(* Let $n\geq 3$ and let $K_n$ be the complete graph on $n$ vertices. Then $\chi_{td}(\mathrm{cl}(K_n)) \leq 2\chi_{td}(K_n)$.
   Context: For a simple graph $G$ and a positive integer $k$, a proper $k$-total difference labeling of $G$ is a function $f: V(G)\to\{1,\dots,k\}$, extended to edges by $f(\{u,v\}) = |f(u)-f(v)|$, such that: (i) adjacent vertices receive different labels; (ii) two distinct edges sharing a vertex receive different labels; (iii) no edge receives the same label as either of its endpoints. $\chi_{td}(G)$ denotes the smallest $k$ for which such a labeling exists. The clone $\mathrm{cl}(G)$ of $G$ is the Cartesian product $G\,\square\, K_2$, i.e. two copies of $G$ with each vertex joined by an edge to its corresponding copy. *)

theory Defs
  imports Main
begin

text \<open>A simple graph is given by a vertex set V and a symmetric irreflexive
edge relation E (only edges between vertices of V are considered).\<close>

definition edge_label :: "('a \<Rightarrow> nat) \<Rightarrow> 'a \<Rightarrow> 'a \<Rightarrow> nat" where
  "edge_label f u v = (if f u \<le> f v then f v - f u else f u - f v)"

definition proper_total_diff_labeling ::
  "'a set \<Rightarrow> ('a \<Rightarrow> 'a \<Rightarrow> bool) \<Rightarrow> nat \<Rightarrow> ('a \<Rightarrow> nat) \<Rightarrow> bool" where
  "proper_total_diff_labeling V E k f \<longleftrightarrow>
     (\<forall>v\<in>V. 1 \<le> f v \<and> f v \<le> k) \<and>
     (\<forall>u\<in>V. \<forall>v\<in>V. E u v \<longrightarrow> f u \<noteq> f v) \<and>
     (\<forall>u\<in>V. \<forall>v\<in>V. \<forall>w\<in>V. E u v \<and> E u w \<and> v \<noteq> w \<longrightarrow>
        edge_label f u v \<noteq> edge_label f u w) \<and>
     (\<forall>u\<in>V. \<forall>v\<in>V. E u v \<longrightarrow> edge_label f u v \<noteq> f u \<and> edge_label f u v \<noteq> f v)"

definition chi_td :: "'a set \<Rightarrow> ('a \<Rightarrow> 'a \<Rightarrow> bool) \<Rightarrow> nat" where
  "chi_td V E = (LEAST k. k > 0 \<and> (\<exists>f. proper_total_diff_labeling V E k f))"

definition Kn_V :: "nat \<Rightarrow> nat set" where "Kn_V n = {0..<n}"
definition Kn_E :: "nat \<Rightarrow> nat \<Rightarrow> bool" where "Kn_E u v \<longleftrightarrow> u \<noteq> v"

text \<open>Clone cl(G) = G \<box> K_2, vertices V \<times> {False, True}.\<close>
definition clone_V :: "'a set \<Rightarrow> ('a \<times> bool) set" where
  "clone_V V = V \<times> UNIV"
definition clone_E :: "('a \<Rightarrow> 'a \<Rightarrow> bool) \<Rightarrow> ('a \<times> bool) \<Rightarrow> ('a \<times> bool) \<Rightarrow> bool" where
  "clone_E E x y \<longleftrightarrow> (snd x = snd y \<and> E (fst x) (fst y)) \<or> (fst x = fst y \<and> snd x \<noteq> snd y)"

end

theory Submission
  imports Defs "HOL-Combinatorics.Transposition"
begin

text \<open>Give the two copies of a graph G in cl(G) the labels 2 f and 2 g - 1, where f and g are
proper labelings of G. Inside a copy all labels and differences are doubled (or doubled and
shifted), so edges inside a copy get even labels, while each rung joins an even and an odd label
and therefore gets an odd one; parity alone then separates rungs from the other edges at a vertex
and from the even endpoint. The only remaining clash, the rung label equalling its odd endpoint,
happens exactly when f v + 1 = 2 g v. For g = f this means f v = 1, so for K_n it suffices to take
g = f composed with a transposition moving the vertex labelled 1.\<close>

lemma edge_label_comp [simp]: "edge_label (f \<circ> p) u v = edge_label f (p u) (p v)"
  by (simp add: edge_label_def)

lemma edge_label_commute: "edge_label f u v = edge_label f v u"
  unfolding edge_label_def by auto

lemma even_edge_label_iff: "even (edge_label f u v) \<longleftrightarrow> (even (f u) \<longleftrightarrow> even (f v))"
  unfolding edge_label_def by auto

lemma proper_total_diff_labelingI:
  assumes "\<And>v. v \<in> V \<Longrightarrow> 1 \<le> f v \<and> f v \<le> k"
    and "\<And>u v. u \<in> V \<Longrightarrow> v \<in> V \<Longrightarrow> E u v \<Longrightarrow> f u \<noteq> f v"
    and "\<And>u v w. u \<in> V \<Longrightarrow> v \<in> V \<Longrightarrow> w \<in> V \<Longrightarrow> E u v \<Longrightarrow> E u w \<Longrightarrow> v \<noteq> w \<Longrightarrow>
           edge_label f u v \<noteq> edge_label f u w"
    and "\<And>u v. u \<in> V \<Longrightarrow> v \<in> V \<Longrightarrow> E u v \<Longrightarrow>
           edge_label f u v \<noteq> f u \<and> edge_label f u v \<noteq> f v"
  shows "proper_total_diff_labeling V E k f"
  using assms unfolding proper_total_diff_labeling_def by blast

lemma proper_total_diff_labelingD:
  assumes "proper_total_diff_labeling V E k f"
  shows "v \<in> V \<Longrightarrow> 1 \<le> f v"
    and "v \<in> V \<Longrightarrow> f v \<le> k"
    and "u \<in> V \<Longrightarrow> v \<in> V \<Longrightarrow> E u v \<Longrightarrow> f u \<noteq> f v"
    and "u \<in> V \<Longrightarrow> v \<in> V \<Longrightarrow> w \<in> V \<Longrightarrow> E u v \<Longrightarrow> E u w \<Longrightarrow> v \<noteq> w \<Longrightarrow>
           edge_label f u v \<noteq> edge_label f u w"
    and "u \<in> V \<Longrightarrow> v \<in> V \<Longrightarrow> E u v \<Longrightarrow> edge_label f u v \<noteq> f u"
    and "u \<in> V \<Longrightarrow> v \<in> V \<Longrightarrow> E u v \<Longrightarrow> edge_label f u v \<noteq> f v"
  using assms unfolding proper_total_diff_labeling_def by blast+

lemma proper_total_diff_labeling_if_ratio_ge_3:
  assumes range: "\<And>v. v \<in> V \<Longrightarrow> 1 \<le> f v \<and> f v \<le> k"
    and ratio: "\<And>u v. u \<in> V \<Longrightarrow> v \<in> V \<Longrightarrow> u \<noteq> v \<Longrightarrow>
      3 * min (f u) (f v) \<le> max (f u) (f v)"
    and loopless: "\<And>v. \<not> E v v"
  shows "proper_total_diff_labeling V E k f"
proof (rule proper_total_diff_labelingI)
  fix u v w assume uvw: "u \<in> V" "v \<in> V" "w \<in> V" and "E u v" "E u w" "v \<noteq> w"
  then have "u \<noteq> v" "u \<noteq> w" using loopless by auto
  have "f v \<noteq> f w" using range[of v] ratio[of v w] uvw \<open>v \<noteq> w\<close> by auto
  with uvw \<open>u \<noteq> v\<close> \<open>u \<noteq> w\<close> show "edge_label f u v \<noteq> edge_label f u w"
    using range[of u] range[of v] range[of w] ratio[of u v] ratio[of u w]
    unfolding edge_label_def by (simp add: min_def max_def split: if_splits)
next
  fix u v assume uv: "u \<in> V" "v \<in> V" and "E u v"
  then have "u \<noteq> v" using loopless by auto
  with uv show "f u \<noteq> f v" "edge_label f u v \<noteq> f u \<and> edge_label f u v \<noteq> f v"
    using range[of u] range[of v] ratio[of u v]
    unfolding edge_label_def by (auto simp add: min_def max_def split: if_splits)
qed (use range in blast)

lemma proper_total_diff_labeling_comp:
  assumes f: "proper_total_diff_labeling V E k f"
    and p: "p ` V \<subseteq> V" "inj_on p V"
    and edges: "\<And>u v. u \<in> V \<Longrightarrow> v \<in> V \<Longrightarrow> E u v \<Longrightarrow> E (p u) (p v)"
  shows "proper_total_diff_labeling V E k (f \<circ> p)"
proof (rule proper_total_diff_labelingI)
  fix u v w assume uvw: "u \<in> V" "v \<in> V" "w \<in> V" "E u v" "E u w" "v \<noteq> w"
  have "edge_label f (p u) (p v) \<noteq> edge_label f (p u) (p w)"
  proof (rule proper_total_diff_labelingD(4)[OF f])
    show "p u \<in> V" "p v \<in> V" "p w \<in> V" using p uvw by auto
    show "E (p u) (p v)" "E (p u) (p w)" using edges uvw by auto
    show "p v \<noteq> p w" using inj_on_eq_iff[OF p(2)] uvw by auto
  qed
  then show "edge_label (f \<circ> p) u v \<noteq> edge_label (f \<circ> p) u w" by simp
next
  fix u v assume "u \<in> V" "v \<in> V" "E u v"
  then have puv: "p u \<in> V" "p v \<in> V" "E (p u) (p v)" using p edges by auto
  show "(f \<circ> p) u \<noteq> (f \<circ> p) v"
    using proper_total_diff_labelingD(3)[OF f puv] by simp
  show "edge_label (f \<circ> p) u v \<noteq> (f \<circ> p) u \<and> edge_label (f \<circ> p) u v \<noteq> (f \<circ> p) v"
    using proper_total_diff_labelingD(5,6)[OF f puv] by simp
qed (use p proper_total_diff_labelingD(1,2)[OF f] in auto)

lemma clone_E_Pair [simp]:
  "clone_E E (a, s) (b, t) \<longleftrightarrow> (s = t \<and> E a b) \<or> (a = b \<and> s \<noteq> t)"
  by (simp add: clone_E_def)

lemma Pair_mem_clone_V [simp]: "(a, s) \<in> clone_V V \<longleftrightarrow> a \<in> V"
  by (simp add: clone_V_def)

====

Going through the data above, please tally the lines that contain the string "from" and return only the total.

2